* Records for this task
(* Let $G$ be a locally free group, $D$ a finitely generated subgroup of $G$ with $\mu_{G}(D)=m$, and $M$ a subgroup of $G$ such that $D\subseteq M$ and $r(M)=m$. For $g\in G\setminus M$, let $M_g=M\langle g\rangle$ be the subgroup of $G$ generated by $g$ and the elements of $M$, and let $r(M_g)=n$. If $n>m$, then $n=m+1$ and there exists a free subgroup $F_m$ of rank $m$ in $M$ such that $D\subseteq F_m$ and the subgroup $F_m\langle g\rangle$ generated by $F_m$ and $g$ is isomorphic to the free product $F_m*\langle g\rangle$.
   Context: A group is locally free if all of its finitely generated subgroups are free. For a finitely generated subgroup $H$ of a locally free group $G$, $\mu_G(H)$ is the least positive integer $m$ such that $H\subseteq F$ for some free subgroup $F$ of $G$ of rank $m$. The rank $r(G)$ of a locally free group $G$ is the maximum of $\{\mu_G(H) : H \text{ a finitely generated subgroup of } G\}$ if this maximum exists, and $r(G)=\infty$ otherwise (subgroups of $G$ are locally free, so $\mu$ and $r$ apply to them as well). *)

theory Defs
  imports "HOL-Algebra.Algebra" "HOL-Library.Extended_Nat"
begin

text \<open>Group words over an alphabet of elements: a letter (True, x) stands for x,
  a letter (False, x) stands for the inverse of x.\<close>

definition letter_val :: "('a, 'b) monoid_scheme \<Rightarrow> bool \<times> 'a \<Rightarrow> 'a" where
  "letter_val G l = (if fst l then snd l else inv\<^bsub>G\<^esub> (snd l))"

fun word_val :: "('a, 'b) monoid_scheme \<Rightarrow> (bool \<times> 'a) list \<Rightarrow> 'a" where
  "word_val G [] = \<one>\<^bsub>G\<^esub>"
| "word_val G (l # w) = letter_val G l \<otimes>\<^bsub>G\<^esub> word_val G w"

fun reduced_word :: "(bool \<times> 'a) list \<Rightarrow> bool" where
  "reduced_word [] = True"
| "reduced_word [l] = True"
| "reduced_word (l1 # l2 # w) =
     (\<not> (snd l1 = snd l2 \<and> fst l1 \<noteq> fst l2) \<and> reduced_word (l2 # w))"

definition free_basis :: "('a, 'b) monoid_scheme \<Rightarrow> 'a set \<Rightarrow> bool" where
  "free_basis G B \<longleftrightarrow> B \<subseteq> carrier G \<and>
     (\<forall>w. w \<noteq> [] \<and> reduced_word w \<and> snd ` set w \<subseteq> B \<longrightarrow> word_val G w \<noteq> \<one>\<^bsub>G\<^esub>)"

definition free_subgroup_rank :: "('a, 'b) monoid_scheme \<Rightarrow> 'a set \<Rightarrow> nat \<Rightarrow> bool" where
  "free_subgroup_rank G F m \<longleftrightarrow>
     (\<exists>B. finite B \<and> card B = m \<and> free_basis G B \<and> generate G B = F)"

definition fin_gen_subgroup :: "('a, 'b) monoid_scheme \<Rightarrow> 'a set \<Rightarrow> bool" where
  "fin_gen_subgroup G H \<longleftrightarrow> (\<exists>S. finite S \<and> S \<subseteq> carrier G \<and> H = generate G S)"

definition locally_free :: "('a, 'b) monoid_scheme \<Rightarrow> bool" where
  "locally_free G \<longleftrightarrow> group G \<and>
     (\<forall>H. fin_gen_subgroup G H \<longrightarrow> (\<exists>m. free_subgroup_rank G H m))"

text \<open>mu_in G M H: for a subgroup M of G (itself locally free) and a finitely generated
  subgroup H of M, the least positive m such that H lies in a free subgroup of M of rank m.
  mu_G(H) is mu_in G (carrier G) H.\<close>
definition mu_in :: "('a, 'b) monoid_scheme \<Rightarrow> 'a set \<Rightarrow> 'a set \<Rightarrow> nat" where
  "mu_in G M H = (LEAST m. 0 < m \<and> (\<exists>F. F \<subseteq> M \<and> free_subgroup_rank G F m \<and> H \<subseteq> F))"

definition rank_lf :: "('a, 'b) monoid_scheme \<Rightarrow> 'a set \<Rightarrow> enat" where
  "rank_lf G M = Sup {enat (mu_in G M H) | H. fin_gen_subgroup G H \<and> H \<subseteq> M}"

text \<open>The subgroup generated by subgroups A and B is (canonically) their free product:
  no nonempty alternating product of nontrivial elements of A and B is trivial.\<close>
fun alternating :: "(bool \<times> 'a) list \<Rightarrow> bool" where
  "alternating [] = True"
| "alternating [l] = True"
| "alternating (l1 # l2 # w) = (fst l1 \<noteq> fst l2 \<and> alternating (l2 # w))"

definition internal_free_product :: "('a, 'b) monoid_scheme \<Rightarrow> 'a set \<Rightarrow> 'a set \<Rightarrow> bool" where
  "internal_free_product G A B \<longleftrightarrow> subgroup A G \<and> subgroup B G \<and>
     (\<forall>w. w \<noteq> [] \<and> alternating w \<and>
          (\<forall>l\<in>set w. snd l \<noteq> \<one>\<^bsub>G\<^esub> \<and> (if fst l then snd l \<in> A else snd l \<in> B))
        \<longrightarrow> foldr (\<lambda>l x. snd l \<otimes>\<^bsub>G\<^esub> x) w \<one>\<^bsub>G\<^esub> \<noteq> \<one>\<^bsub>G\<^esub>)"

end

theory Submission
  imports Defs
begin

text \<open>A finitely generated \<open>H \<le> M\<langle>g\<rangle>\<close> only involves finitely many elements of M. These, together
  with D and a nontrivial element of M, lie in a free subgroup \<open>F \<le> M\<close> whose rank is exactly m:
  at most \<open>r(M) = m\<close>, at least \<open>\<mu>\<^sub>G(D) = m\<close>. So \<open>H \<le> F\<langle>g\<rangle>\<close>, a subgroup generated by m + 1 elements,
  and \<open>r(M\<langle>g\<rangle>) \<le> m + 1\<close>. If \<open>r(M\<langle>g\<rangle>) > m\<close>, some \<open>F\<langle>g\<rangle>\<close> is free of rank m + 1 and generated by
  the m + 1 elements \<open>B \<union> {g}\<close>, B a basis of F. Finitely generated free groups are Hopfian, so
  \<open>B \<union> {g}\<close> is a free basis, which makes \<open>F\<langle>g\<rangle>\<close> the free product \<open>F * \<langle>g\<rangle>\<close>. The Hopf property is
  obtained by counting homomorphisms into finite symmetric groups, which detect every nontrivial
  element of a free group.\<close>

lemma letter_val_closed:
  "group G \<Longrightarrow> snd l \<in> carrier G \<Longrightarrow> letter_val G l \<in> carrier G"
  by (auto simp: letter_val_def group.inv_closed)
(* Let $d\ge1$, $j>0$, $k\ge1$, let $s\ge\frac{d+1}{d}k+j$, and let $n\ge s$. Then a $j$-junta $\mathcal{J}\subseteq\binom{[n]}{k}$ does not contain a $(d,k,s)$-cluster if and only if $\mathcal{J}$ is $(d+1)$-wise intersecting.
   Context: A family $\mathcal{J}\subseteq\binom{[n]}{k}$ is a $j$-junta if there exist a set $J\subseteq[n]$ with $|J|=j$ and a family $\mathcal{G}\subseteq\mathcal{P}(J)$ such that for every $A\in\binom{[n]}{k}$, $A\in\mathcal{J}$ iff $A\cap J\in\mathcal{G}$. A family $\{A_0,\dots,A_d\}\subseteq\binom{[n]}{k}$ is a $(d,k,s)$-cluster if $|A_0\cup\cdots\cup A_d|\le s$ and $A_0\cap\cdots\cap A_d=\varnothing$; a family contains it if all $A_i$ belong to the family. A family is $t$-wise intersecting if it does not contain $t$ sets (not necessarily distinct) whose intersection is empty. *)

theory Defs
  imports Complex_Main
begin

definition ksets :: "nat \<Rightarrow> nat \<Rightarrow> nat set set" where
  "ksets n k = {A. A \<subseteq> {1..n} \<and> card A = k}"

definition is_junta :: "nat \<Rightarrow> nat \<Rightarrow> nat \<Rightarrow> nat set set \<Rightarrow> bool" where
  "is_junta n k j F \<longleftrightarrow> F \<subseteq> ksets n k \<and>
     (\<exists>J G. J \<subseteq> {1..n} \<and> card J = j \<and> G \<subseteq> Pow J \<and>
        (\<forall>A \<in> ksets n k. A \<in> F \<longleftrightarrow> A \<inter> J \<in> G))"

definition contains_cluster :: "nat \<Rightarrow> nat \<Rightarrow> nat \<Rightarrow> nat set set \<Rightarrow> bool" where
  "contains_cluster d k s F \<longleftrightarrow>
     (\<exists>A :: nat \<Rightarrow> nat set. (\<forall>i\<le>d. A i \<in> F \<and> card (A i) = k) \<and>
        card (\<Union>i\<le>d. A i) \<le> s \<and> (\<Inter>i\<le>d. A i) = {})"

text \<open>F is t-wise intersecting: no t members (not necessarily distinct) have empty intersection.\<close>
definition t_wise_intersecting :: "nat \<Rightarrow> nat set set \<Rightarrow> bool" where
  "t_wise_intersecting t F \<longleftrightarrow>
     \<not> (\<exists>A :: nat \<Rightarrow> nat set. (\<forall>i<t. A i \<in> F) \<and> (\<Inter>i<t. A i) = {})"

end

theory Submission imports Defs begin

text \<open>If \<open>F\<close> contains \<open>d + 1\<close> sets with empty intersection, keep their traces on the junta
  set \<open>J\<close> and replace the parts outside \<open>J\<close> by subsets of a fixed \<open>m\<close>-set \<open>S\<close> disjoint from \<open>J\<close>,
  with \<open>m = s - j\<close>. The junta property keeps the new sets in \<open>F\<close>, and their union lies in
  \<open>J \<union> S\<close>, of size at most \<open>s\<close>. Their intersection stays empty as long as the outside parts
  lie in \<open>k\<close>-subsets of \<open>S\<close> with empty common intersection, and such subsets exist whenever
  \<open>(d + 1) k \<le> d m\<close>: take the complements of \<open>d + 1\<close> windows of length \<open>m - k\<close> covering \<open>S\<close>.\<close>

lemma windows_cover:
  fixes w k d x :: nat
  assumes "w > 0" "k \<le> d * w" "x < k + w"
  shows "\<exists>i\<le>d. min (i * w) k \<le> x \<and> x < min (i * w) k + w"
proof (cases "k \<le> x")
  case True
  then show ?thesis using assms by (intro exI[of _ d]) auto
next
  case False
  define i where "i = x div w"
  have lower: "i * w \<le> x" unfolding i_def by (rule div_times_less_eq_dividend)
  have upper: "x < i * w + w"
    unfolding i_def using assms(1) by (metis add.commute div_mult_mod_eq mod_less_divisor nat_add_left_cancel_less)
  have "i * w < d * w" using lower False assms(2) by linarith
  then have "i \<le> d" by simp
  then show ?thesis using lower upper False by (intro exI[of _ i]) auto
qed

lemma ex_lessThan_subsets_Inter_empty:
  fixes w k d :: nat
  assumes "w > 0" "k \<le> d * w"
  shows "\<exists>C. (\<forall>i\<le>d. C i \<subseteq> {..<k + w} \<and> card (C i) = k) \<and> (\<Inter>i\<le>d. C i) = {}"
proof -
  define C where "C i = {..<k + w} - {min (i * w) k..<min (i * w) k + w}" for i
  have "C i \<subseteq> {..<k + w}" for i
    unfolding C_def by auto
  moreover have "card (C i) = k" for i
    unfolding C_def by (subst card_Diff_subset) auto
  moreover have "x \<notin> (\<Inter>i\<le>d. C i)" for x
  proof (cases "x < k + w")
    case True
    then obtain i where "i \<le> d" "min (i * w) k \<le> x" "x < min (i * w) k + w"
      using windows_cover[OF assms] by blast
    then show ?thesis unfolding C_def by auto
  next
    case False
    then show ?thesis unfolding C_def by auto
  qed
  ultimately show ?thesis by blast
qed

lemma ex_subsets_Inter_empty:
  fixes d k :: nat and S :: "'a set"
  assumes "finite S" "(d + 1) * k \<le> d * card S"
  shows "\<exists>C. (\<forall>i\<le>d. C i \<subseteq> S \<and> card (C i) = k) \<and> (\<Inter>i\<le>d. C i) = {}"
proof (cases "k = 0")
  case True
  then show ?thesis by (intro exI[of _ "\<lambda>_. {}"]) auto
next
  case False
  define w where "w = card S - k"
  have "k < card S"
  proof (rule ccontr)
    assume "\<not> k < card S"
    then have "d * card S \<le> d * k" by simp
    moreover have "(d + 1) * k = k + d * k" by simp
    ultimately show False using assms(2) False by linarith
  qed
  then have w: "w > 0" "card S = k + w"
    unfolding w_def by auto
  have "d * w = d * card S - d * k"
    unfolding w_def by (rule diff_mult_distrib2)
  then have "k \<le> d * w"
    using assms(2) by simp
  obtain C where C: "\<forall>i\<le>d. C i \<subseteq> {..<k + w} \<and> card (C i) = k" "(\<Inter>i\<le>d. C i) = {}"
    using ex_lessThan_subsets_Inter_empty[OF w(1) \<open>k \<le> d * w\<close>] by blast
  obtain f where f: "bij_betw f {..<k + w} S"
    using ex_bij_betw_nat_finite[OF assms(1)] w(2) by (metis atLeast0LessThan)
  then have inj: "inj_on f {..<k + w}" and image: "f ` {..<k + w} = S"
    by (auto simp: bij_betw_def)
  have "f ` C i \<subseteq> S \<and> card (f ` C i) = k" if "i \<le> d" for i
    using C(1) that image inj by (auto simp: card_image inj_on_subset)
  moreover have "(\<Inter>i\<le>d. f ` C i) = f ` (\<Inter>i\<le>d. C i)"
    using image_INT[OF inj, of "{..d}" C 0] C(1) by auto
  ultimately show ?thesis using C(2) by (intro exI[of _ "\<lambda>i. f ` C i"]) auto
qed

lemma not_t_wise_intersecting_Suc_iff:
  "\<not> t_wise_intersecting (d + 1) F \<longleftrightarrow> (\<exists>A. (\<forall>i\<le>d. A i \<in> F) \<and> (\<Inter>i\<le>d. A i) = {})"
proof -
  have "{..<d + 1} = {..d}" by auto
  then show ?thesis unfolding t_wise_intersecting_def by (simp add: less_Suc_eq_le)
qed

lemma cluster_imp_not_t_wise_intersecting:
  "contains_cluster d k s F \<Longrightarrow> \<not> t_wise_intersecting (d + 1) F"
  unfolding contains_cluster_def not_t_wise_intersecting_Suc_iff by blast

lemma cluster_of_Inter_empty:
  fixes F :: "nat set set" and A :: "nat \<Rightarrow> nat set"
  assumes F: "F \<subseteq> ksets n k" and J: "J \<subseteq> {1..n}"
    and trace: "\<And>A B. A \<in> F \<Longrightarrow> B \<in> ksets n k \<Longrightarrow> B \<inter> J = A \<inter> J \<Longrightarrow> B \<in> F"
    and room: "card J + m \<le> n" and dm: "(d + 1) * k \<le> d * m"
    and A: "\<forall>i\<le>d. A i \<in> F" "(\<Inter>i\<le>d. A i) = {}"
  shows "contains_cluster d k (card J + m) F"
proof -
  have "card ({1..n} - J) = n - card J"
    using J by (simp add: card_Diff_subset finite_subset)
  then have "m \<le> card ({1..n} - J)"
    using room by simp
  then obtain S where S: "S \<subseteq> {1..n} - J" "card S = m" "finite S"
    by (rule obtain_subset_with_card_n)
  have "(d + 1) * k \<le> d * card S"
    using dm S(2) by simp
  then obtain C where C: "\<forall>i\<le>d. C i \<subseteq> S \<and> card (C i) = k" "(\<Inter>i\<le>d. C i) = {}"
    using ex_subsets_Inter_empty[OF S(3)] by blast
  have A_ksets: "A i \<in> ksets n k" if "i \<le> d" for i
    using A(1) F that by blast
  have A_trace: "finite (A i \<inter> J)" "card (A i \<inter> J) \<le> k" if "i \<le> d" for i
  proof -
    have "finite (A i)" "card (A i) = k"
      using A_ksets[OF that] unfolding ksets_def by (auto intro: finite_subset)
    then show "finite (A i \<inter> J)" "card (A i \<inter> J) \<le> k"
      by (auto intro: card_mono[of "A i", THEN le_trans])
  qed
  have "\<exists>E. E \<subseteq> C i \<and> card E = k - card (A i \<inter> J)" if "i \<le> d" for i
  proof -
    have "k - card (A i \<inter> J) \<le> card (C i)"
      using C(1) that by simp
    then show ?thesis by (meson obtain_subset_with_card_n)
  qed
  then obtain E where E: "\<And>i. i \<le> d \<Longrightarrow> E i \<subseteq> C i \<and> card (E i) = k - card (A i \<inter> J)"
    by metis
  define A' where "A' i = (A i \<inter> J) \<union> E i" for i
  have E_S: "E i \<subseteq> S" if "i \<le> d" for i
    using E[OF that] C(1) that by blast
  then have A'_trace: "A' i \<inter> J = A i \<inter> J" if "i \<le> d" for i
    using that S(1) unfolding A'_def by blast
  have card_A': "card (A' i) = k" if "i \<le> d" for i
  proof -
    have "card (A' i) = card (A i \<inter> J) + card (E i)"
      unfolding A'_def using E_S[OF that] S(1) A_trace(1)[OF that] S(3)
      by (intro card_Un_disjoint) (auto intro: finite_subset)
    then show ?thesis using E[OF that] A_trace(2)[OF that] by simp
  qed
  moreover have "A' i \<subseteq> {1..n}" if "i \<le> d" for i
    using E_S[OF that] S(1) J unfolding A'_def by blast
  ultimately have "A' i \<in> ksets n k" if "i \<le> d" for i
    using that unfolding ksets_def by blast
  then have A'_F: "A' i \<in> F" if "i \<le> d" for i
    using trace[OF A(1)[rule_format, OF that] _ A'_trace[OF that]] that by blast
  have "(\<Union>i\<le>d. A' i) \<subseteq> J \<union> S"
    using E_S unfolding A'_def by blast
  moreover have "finite (J \<union> S)"
    using J S(3) by (meson finite_UnI finite_atLeastAtMost finite_subset)
  ultimately have "card (\<Union>i\<le>d. A' i) \<le> card (J \<union> S)"
    by (simp add: card_mono)
  also have "\<dots> \<le> card J + m"
    using card_Un_le[of J S] S(2) by simp
  finally have "card (\<Union>i\<le>d. A' i) \<le> card J + m" .
  moreover have "(\<Inter>i\<le>d. A' i) = {}"
  proof (intro equalityI subsetI)
    fix x
    assume x: "x \<in> (\<Inter>i\<le>d. A' i)"
    show "x \<in> {}"
    proof (cases "x \<in> J")
      case True
      then have "x \<in> A i" if "i \<le> d" for i
        using x A'_trace[OF that] that by blast
      then show ?thesis using A(2) by blast
    next
      case False
      then have "x \<in> C i" if "i \<le> d" for i
        using x E[OF that] that unfolding A'_def by blast
      then show ?thesis using C(2) by blast
    qed
  qed simp
  ultimately show ?thesis
    unfolding contains_cluster_def using A'_F card_A' by blast
qed

lemma cluster_size_bound:
  fixes d j k s :: nat
  assumes "d \<ge> 1" and "real s \<ge> (real d + 1) / real d * real k + real j"
  shows "j \<le> s" and "(d + 1) * k \<le> d * (s - j)"
proof -
  have "real d * ((real d + 1) / real d * real k) = (real d + 1) * real k"
    using assms(1) by simp
  then have "real d * real s \<ge> (real d + 1) * real k + real d * real j"
    using mult_left_mono[OF assms(2), of "real d"] by (simp add: distrib_left)
  then have "real ((d + 1) * k + d * j) \<le> real (d * s)"
    by (simp add: algebra_simps)
  then have sum_le: "(d + 1) * k + d * j \<le> d * s"
    by linarith
  then have "d * j \<le> d * s"
    by linarith
  then show "j \<le> s"
    using assms(1) by simp
  then show "(d + 1) * k \<le> d * (s - j)"
    using sum_le by (simp add: diff_mult_distrib2)
qed

theorem proposition4p2:
  fixes d j k s n :: nat and F :: "nat set set"
  assumes "d \<ge> 1" and "j > 0" and "k \<ge> 1"
    and "real s \<ge> (real d + 1) / real d * real k + real j"
    and "n \<ge> s"
    and "is_junta n k j F"
  shows "\<not> contains_cluster d k s F \<longleftrightarrow> t_wise_intersecting (d + 1) F"
proof
  show "t_wise_intersecting (d + 1) F" if "\<not> contains_cluster d k s F"
  proof (rule ccontr)
    assume "\<not> t_wise_intersecting (d + 1) F"
    then obtain A where A: "\<forall>i\<le>d. A i \<in> F" "(\<Inter>i\<le>d. A i) = {}"
      unfolding not_t_wise_intersecting_Suc_iff by blast
    obtain J G where F: "F \<subseteq> ksets n k" and J: "J \<subseteq> {1..n}" "card J = j"
      and trace: "\<forall>A \<in> ksets n k. A \<in> F \<longleftrightarrow> A \<inter> J \<in> G"
      using assms(6) unfolding is_junta_def by blast
    have "contains_cluster d k (card J + (s - j)) F"
      using cluster_size_bound[OF assms(1,4)] assms(5) J F A
      by (intro cluster_of_Inter_empty) (use trace in auto)
    then show False
      using that J(2) cluster_size_bound(1)[OF assms(1,4)] by simp
  qed
next
  show "\<not> contains_cluster d k s F" if "t_wise_intersecting (d + 1) F"
    using that cluster_imp_not_t_wise_intersecting by blast
qed

end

* Task brief
In the entries above, how many lines contain the word "Defs"? Provide the number alone.

* Result
4